[Top][All Lists]
[Date Prev][Date Next][Thread Prev][Thread Next][Date Index][Thread Index]
Re: [Discuss-gnuradio] CPU Utilization and USRP2
From: |
Eric Blossom |
Subject: |
Re: [Discuss-gnuradio] CPU Utilization and USRP2 |
Date: |
Thu, 4 Nov 2010 14:19:52 -0700 |
User-agent: |
Mutt/1.5.21 (2010-09-15) |
On Thu, Nov 04, 2010 at 03:07:42PM -0500, Marc Epard wrote:
> This reminds me of a question. What do you guys use for profiling
> native code on Linux? I have a lot more experience on Mac OS where
> we have Shark, Instruments and the like.
Marc,
I like to use oprofile. It's packaged for Fedora and Ubuntu (and
probably the rest). It gets the job done using the h/w performance
counters, and as such, the measurement doesn't perturb the "regular"
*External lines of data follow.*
lemma (in billiard_params) eventually_near_limit_motion:
  assumes q0: "-a1 \<le> q0" "q0 \<le> a2" and t: "0 < t" "t < T" and kap: "kap > 0"
  shows "\<forall>\<^sub>F (eps, del) in at_right 0 \<times>\<^sub>F at_right 0.
           \<forall>eta xi zeta. (\<forall>k. eta k \<in> {0..B} \<and> xi k \<in> {0..B} \<and> zeta k \<in> {0..B}) \<longrightarrow>
             near_limit_motion a1 a2 HO (p0\<^sup>2 / 2) c1 c2 c3 eps del eta xi zeta q0 p0 t kap"
proof -
  define Q where "Q = min (kap * w_init ^ 3) (if t = t_crit then 1 else k_outer * \<bar>t - t_crit\<bar>)"
  have "Q > 0" using kap w_init_pos k_outer_pos by (simp add: Q_def)
  define a where "a = min 1 (min (1 / (2 * c_max)) (Q / (2 * (err_total T + 1))))"
  have err: "0 \<le> err_total T"
    using err_outer_nonneg err_well_nonneg w_max_nonneg c_max_pos w_crit_pos k_max_pos a1 a2 t
    by (simp add: err_total_def)
  have "a > 0" using c_max_pos \<open>Q > 0\<close> err by (simp add: a_def)
  then have "\<forall>\<^sub>F x in at_right (0::real). 0 < x \<and> x < a"
    unfolding eventually_at_right_field by blast
  from eventually_prodI[OF this this]
  show ?thesis
  proof (rule eventually_mono)
    fix x :: "real \<times> real"
    obtain eps del where x: "x = (eps, del)" by fastforce
    assume "(0 < fst x \<and> fst x < a) \<and> (0 < snd x \<and> snd x < a)"
    then have eps: "0 < eps" "eps < a" and del: "0 < del" "del < a" by (auto simp: x)
    have "(eps + del) * err_total T \<le> (eps + del) * (err_total T + 1)"
      using eps del by simp
    also have "\<dots> < (2 * a) * (err_total T + 1)" using eps del err by simp
    also have "\<dots> = a * (2 * (err_total T + 1))" by simp
    also have "\<dots> \<le> Q"
    proof -
      have "a \<le> Q / (2 * (err_total T + 1))" by (simp add: a_def)
      then show ?thesis using err by (simp add: pos_le_divide_eq)
    qed
    finally have small: "(eps + del) * err_total T < Q" .
    have eps_small: "eps * (c1 + c2 + c3 + B) \<le> 1 / 2"
    proof -
      have "eps * c_max \<le> 1 / (2 * c_max) * c_max"
        using eps c_max_pos by (intro mult_right_mono) (auto simp: a_def)
      then show ?thesis using c_max_pos by (simp add: c_max_def[symmetric])
    qed
    show "case x of (eps, del) \<Rightarrow> \<forall>eta xi zeta.
            (\<forall>k. eta k \<in> {0..B} \<and> xi k \<in> {0..B} \<and> zeta k \<in> {0..B}) \<longrightarrow>
            near_limit_motion a1 a2 HO (p0\<^sup>2 / 2) c1 c2 c3 eps del eta xi zeta q0 p0 t kap"
      unfolding x prod.case
    proof (intro allI impI)
      fix eta xi zeta :: "nat \<Rightarrow> real"
      assume "\<forall>k. eta k \<in> {0..B} \<and> xi k \<in> {0..B} \<and> zeta k \<in> {0..B}"
      then have "billiard a1 a2 HO c1 c2 c3 B p0 eps del eta xi zeta q0"
        using eps del eps_small q0 by unfold_locales (auto simp: a_def)
      then show "near_limit_motion a1 a2 HO (p0\<^sup>2 / 2) c1 c2 c3 eps del eta xi zeta q0 p0 t kap"
        by (rule billiard.near_limit_motion_if_small[OF _ t]) (use small in \<open>auto simp: Q_def\<close>)
    qed
  qed
qed

lemma (in prob_space) AE_all_of_prob_1:
  assumes "\<And>k::nat. prob {x \<in> space M. P k x} = 1"
  shows "AE x in M. \<forall>k. P k x"
  unfolding AE_all_countable using AE_prob_1[OF assms] by (auto elim: AE_mp)

lemma eventually_exceptional_set_small:
  assumes "AE w in M. Q w" and "\<forall>\<^sub>F (x, y) in F. \<forall>w. Q w \<longrightarrow> P x y w" and "0 \<le> e"
  shows "\<forall>\<^sub>F (x, y) in F. \<exists>A \<in> sets M. measure M A \<le> e \<and> {w \<in> space M. \<not> P x y w} \<subseteq> A"
proof -
  obtain Z where Z: "{w \<in> space M. \<not> Q w} \<subseteq> Z" "emeasure M Z = 0" "Z \<in> sets M"
    using assms(1) by (rule AE_E)
  have "measure M Z \<le> e" using Z(2) assms(3) by (simp add: measure_def)
  show ?thesis
    using assms(2)
  proof (rule eventually_mono)
    fix xy assume "case xy of (x, y) \<Rightarrow> \<forall>w. Q w \<longrightarrow> P x y w"
    then show "case xy of (x, y) \<Rightarrow> \<exists>A \<in> sets M. measure M A \<le> e \<and> {w \<in> space M. \<not> P x y w} \<subseteq> A"
      using Z(1,3) \<open>measure M Z \<le> e\<close> by (cases xy) (auto intro!: bexI[of _ Z])
  qed
qed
execution time, and there's no need to recompile with special options.
It would be a great tool to use on this UHD problem to get a better
idea of exactly where the cycles are getting burned.
http://oprofile.sourceforge.net/docs
On Fedora 13:
$ rpm -qa | grep -i oprofile
oprofile-0.9.6-6.fc13.x86_64
oprofile-gui-0.9.6-6.fc13.x86_64
Eric
> On Nov 4, 2010, at 2:23 PM, Josh Blum wrote:
>
> > Well, there is extra overhead. A "pirate" thread in the the receive path
> > spins on the socket and inspects the contents. The packet may be an
> > asynchronous message packet for flow control or destined for the user. Or
> > it may be a data packet, in which case it is placed into a queue to be
> > popped off by the device::recv() call. No extra memcopies, its just
> > managing pointers.
> >
> > Could this pirate thread be removed? If the async messages came in over a
> > different UDP port, and the multi-device buffer alignment logic was
> > re-written to be event driven (when recv() is called). Then yes. And I will
> > probably implement this when I get the time. :-)
> >
> > So, my best guess is that you are mostly seeing the overhead of the thread
> > inspecting the packets. Of course there is also additional overhead added
> > by using UDP, parsing VRT packets, parsing inline message packets.
> >
> >
> > Thanks for testing it out BTW!
> > -Josh
> >
> > On 11/04/2010 10:46 AM, David Campbell wrote:
> >> Hi All,
> >> I've noticed that the C++ interfaces provided in gnu-radio and UHD for
> >> usrp2
> >> data streaming are CPU-intensive (UHD moreso than gnu-radio). I am
> >> wondering if
> >> there are easy ways to mitigate this or are there plans in the future to
> >> diminish these. For UHD a decimate by 16 process chews up 75% of a CPU
> >> just on
> >> the uhd::device::recv functiion (not much less even when I use
> >> RECV_MODE_FULL_BUFF and size the buffer to be 100x the size of a single
> >> packet). For gnuradio's the CPU utilization is more like 36% - still a
> >> lot.
> >>
> >> I may try to recode some of the lower-level interfaces in UHD if there
> >> is not
> >> an easy way to help improve CPU utilization.